= James Beatty (engineer) =

Irish railway engineer (1820–1856)

James Beatty (31 March 1820 – 11 March 1856) was an Irish railway engineer.

The son of a medical doctor from Enniskillen, Beatty was first employed in 1842 at the age of 22 by Peto and Betts on building the Norwich and Lowestoft line. In 1853 he was in Nova Scotia surveying the European and North American Railway and despite adverse weather conditions, the line was staked out in good time. Towards the end of 1854 he was appointed by Peto, Brassey and Betts as Chief Engineer of the Grand Crimean Central Railway, built to convey supplies to the Allied forces in the Crimean War. He arrived in Balaklava in January 1855 to join Donald Campbell and his team who had already started to survey the line. Beatty's energy and enthusiasm ensured that the line, which included a stretch at a gradient of 1 in 14, was laid in a very short time.
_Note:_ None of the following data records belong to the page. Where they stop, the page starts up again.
corollary cauchy_davenport_diff:
  assumes "prime p" "A \<subseteq> {0..<int p}" "A \<noteq> {}"
  shows "min p (2 * card A - 1) \<le> card {(a - b) mod int p | a b. a \<in> A \<and> b \<in> A}"
proof -
  let ?N = "(\<lambda>b. (- b) mod int p) ` A"
  have "0 < int p" using \<open>prime p\<close> prime_gt_0_nat by simp
  have "inj_on (\<lambda>b. (- b) mod int p) A"
    using bij_betw_diff_mod[OF \<open>0 < int p\<close>, of 0] assms(2)
    by (auto simp: bij_betw_def intro: inj_on_subset)
  then have "min p (2 * card A - 1) = min p (card A + card ?N - 1)"
    by (simp add: card_image mult_2)
  also have "\<dots> \<le> card (sumset_mod p A ?N)"
    using assms \<open>0 < int p\<close> by (intro cauchy_davenport) auto
  also have "sumset_mod p A ?N = {(a - b) mod int p | a b. a \<in> A \<and> b \<in> A}"
    unfolding sumset_mod_def by (force simp: mod_add_right_eq)
  finally show ?thesis .
qed

section \<open>Convolution and correlation modulo \<open>m\<close>\<close>

definition conv_mod :: "int \<Rightarrow> (int \<Rightarrow> real) \<Rightarrow> (int \<Rightarrow> real) \<Rightarrow> int \<Rightarrow> real" where
  "conv_mod m P Q c = (\<Sum>b\<in>{0..<m}. P b * Q ((c - b) mod m))"

definition corr_mod :: "int \<Rightarrow> (int \<Rightarrow> real) \<Rightarrow> int \<Rightarrow> real" where
  "corr_mod m Q d = (\<Sum>y\<in>{0..<m}. Q y * Q ((y + d) mod m))"

lemma conv_mod_mod [simp]: "conv_mod m P Q (c mod m) = conv_mod m P Q c"
  by (simp add: conv_mod_def mod_diff_left_eq)

lemma corr_mod_mod [simp]: "corr_mod m Q (d mod m) = corr_mod m Q d"
  by (simp add: corr_mod_def mod_add_right_eq)

lemma pmf_bind_finite_support:
  assumes "set_pmf q \<subseteq> S" "finite S"
  shows "pmf (bind_pmf q f) x = (\<Sum>y\<in>S. pmf q y * pmf (f y) x)"
  unfolding pmf_bind by (subst integral_measure_pmf[of S]) (use assms in auto)

lemma pmf_bind_add_mod:
  fixes m :: int
  assumes "set_pmf q \<subseteq> {0..<m}" "x \<in> {0..<m}"
  shows "pmf (bind_pmf q (\<lambda>c. return_pmf ((t + c) mod m))) x = pmf q ((x - t) mod m)"
proof -
  have "(t + c) mod m = x \<longleftrightarrow> c = (x - t) mod m" if "c \<in> {0..<m}" for c
    using that assms(2) by (auto simp: mod_add_right_eq mod_diff_left_eq)
  then have "pmf (bind_pmf q (\<lambda>c. return_pmf ((t + c) mod m))) x
      = (\<Sum>c\<in>{0..<m}. if c = (x - t) mod m then pmf q c else 0)"
    unfolding pmf_bind_finite_support[OF assms(1) finite_atLeastLessThan_int] pmf_return
    by (intro sum.cong) (auto simp: indicator_def)
  also have "\<dots> = pmf q ((x - t) mod m)"
    using assms(2) by simp
  finally show ?thesis .
qed

lemma pmf_sum3_law:
  assumes "set_pmf q \<subseteq> {0..<int p}" "x \<in> {0..<int p}"
  shows "pmf (sum3_law p q) x = conv_mod p (pmf q) (conv_mod p (pmf q) (pmf q)) x"
proof -
  have "pmf (sum3_law p q) x = (\<Sum>a\<in>{0..<int p}. pmf q a * (\<Sum>b\<in>{0..<int p}. pmf q b *
      pmf (bind_pmf q (\<lambda>c. return_pmf ((a + b + c) mod int p))) x))"
    unfolding sum3_law_def by (simp add: pmf_bind_finite_support[OF assms(1)])
  then show ?thesis
    using assms by (simp add: pmf_bind_add_mod conv_mod_def mod_diff_left_eq diff_diff_eq)
qed

lemma conv_mod_le:
  assumes "\<forall>b\<in>{0..<m}. 0 \<le> P b" "sum P {0..<m} = 1" "\<forall>y\<in>{0..<m}. Q y \<le> lam"
  shows "conv_mod m P Q c \<le> lam"
proof -
  have "0 < m" using assms(2) by (cases "0 < m") auto
  have "conv_mod m P Q c \<le> (\<Sum>b\<in>{0..<m}. P b * lam)"
    unfolding conv_mod_def using assms(1,3) \<open>0 < m\<close> by (intro sum_mono mult_left_mono) auto
  also have "\<dots> = lam"
    using assms(2) by (simp add: sum_distrib_right[symmetric])
  finally show ?thesis .
qed

lemma corr_mod_nonneg:
  assumes "\<forall>y\<in>{0..<m}. 0 \<le> Q y"
  shows "0 \<le> corr_mod m Q d"
  unfolding corr_mod_def using assms by (intro sum_nonneg) auto

lemma sum_corr_mod:
  fixes m :: int
  assumes "0 < m"
  shows "(\<Sum>d\<in>{0..<m}. corr_mod m Q d) = (sum Q {0..<m})\<^sup>2"
proof -
  have "(\<Sum>d\<in>{0..<m}. corr_mod m Q d) = (\<Sum>y\<in>{0..<m}. Q y * (\<Sum>d\<in>{0..<m}. Q ((y + d) mod m)))"
    unfolding corr_mod_def by (subst sum.swap) (simp add: sum_distrib_left)
  also have "\<dots> = (sum Q {0..<m})\<^sup>2"
    by (simp add: sum_add_mod[OF assms] power2_eq_square sum_distrib_right)
  finally show ?thesis .
qed

lemma card_corr_mod_ge_le:
  fixes m :: int
  assumes "0 < m" "\<forall>y\<in>{0..<m}. 0 \<le> Q y" "sum Q {0..<m} = 1"
  shows "real (card {d \<in> {0..<m}. t \<le> corr_mod m Q d}) * t \<le> 1"
proof -
  have "real (card {d \<in> {0..<m}. t \<le> corr_mod m Q d}) * t
      \<le> sum (corr_mod m Q) {d \<in> {0..<m}. t \<le> corr_mod m Q d}"
    by (intro sum_bounded_below) simp
  also have "\<dots> \<le> sum (corr_mod m Q) {0..<m}"
    using assms(2) by (intro sum_mono2 corr_mod_nonneg) auto
  also have "\<dots> = 1"
    using sum_corr_mod[OF assms(1)] assms(3) by simp
  finally show ?thesis .
qed

lemma conv_mod_le_corr_mod:
  fixes Q :: "int \<Rightarrow> real" and m :: int
  assumes "0 < m"
  shows "2 * conv_mod m Q Q (x - a) + 2 * conv_mod m Q Q (x - b)
    \<le> corr_mod m Q (a - b) + 3 * (\<Sum>z\<in>{0..<m}. (Q z)\<^sup>2)"
proof -
  define v where "v z = Q ((x - a - z) mod m)" for z
  define w where "w z = Q ((x - b - z) mod m)" for z
  have "4 * (Q z * v z) + 4 * (Q z * w z) \<le> 2 * (v z * w z) + (v z)\<^sup>2 + (w z)\<^sup>2 + 4 * (Q z)\<^sup>2"
    for z
    using zero_le_power2[of "v z + w z - 2 * Q z"] by (simp add: power2_eq_square algebra_simps)
  then have "(\<Sum>z\<in>{0..<m}. 4 * (Q z * v z) + 4 * (Q z * w z))
      \<le> (\<Sum>z\<in>{0..<m}. 2 * (v z * w z) + (v z)\<^sup>2 + (w z)\<^sup>2 + 4 * (Q z)\<^sup>2)"
    by (rule sum_mono)
  moreover have "(\<Sum>z\<in>{0..<m}. Q z * v z) = conv_mod m Q Q (x - a)"
    "(\<Sum>z\<in>{0..<m}. Q z * w z) = conv_mod m Q Q (x - b)"
    unfolding conv_mod_def v_def w_def by simp_all
  moreover have "(\<Sum>z\<in>{0..<m}. (v z)\<^sup>2) = (\<Sum>z\<in>{0..<m}. (Q z)\<^sup>2)"
    "(\<Sum>z\<in>{0..<m}. (w z)\<^sup>2) = (\<Sum>z\<in>{0..<m}. (Q z)\<^sup>2)"
    unfolding v_def w_def
    using sum_diff_mod[OF assms, of "\<lambda>y. (Q y)\<^sup>2" "x - a"]
      sum_diff_mod[OF assms, of "\<lambda>y. (Q y)\<^sup>2" "x - b"]
    by simp_all
  moreover have "(\<Sum>z\<in>{0..<m}. v z * w z) = corr_mod m Q (a - b)"
  proof -
    have "((x - a - z) mod m + (a - b)) mod m = (x - b - z) mod m" for z
      by (simp only: mod_add_left_eq) (simp add: algebra_simps)
    then have "v z * w z = Q ((x - a - z) mod m) * Q (((x - a - z) mod m + (a - b)) mod m)" for z
      unfolding v_def w_def by simp
    then show ?thesis
      unfolding corr_mod_def
      using sum_diff_mod[OF assms, of "\<lambda>y. Q y * Q ((y + (a - b)) mod m)" "x - a"]
      by simp
  qed
  ultimately show ?thesis
    by (simp add: sum.distrib sum_distrib_left[symmetric])
qed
In April, Beatty was involved in an accident on the line when a train went out of control. He sustained an injury which appeared originally not to be serious but he never fully recovered from it. With the railway substantially complete in November he was still far from well and he left for England. His condition continued to deteriorate and he died in March 1856 at the age of 35 from an aortic aneurysm which was possibly the result of the accident. His widow was awarded a pension equivalent to that of a colonel dying on active service.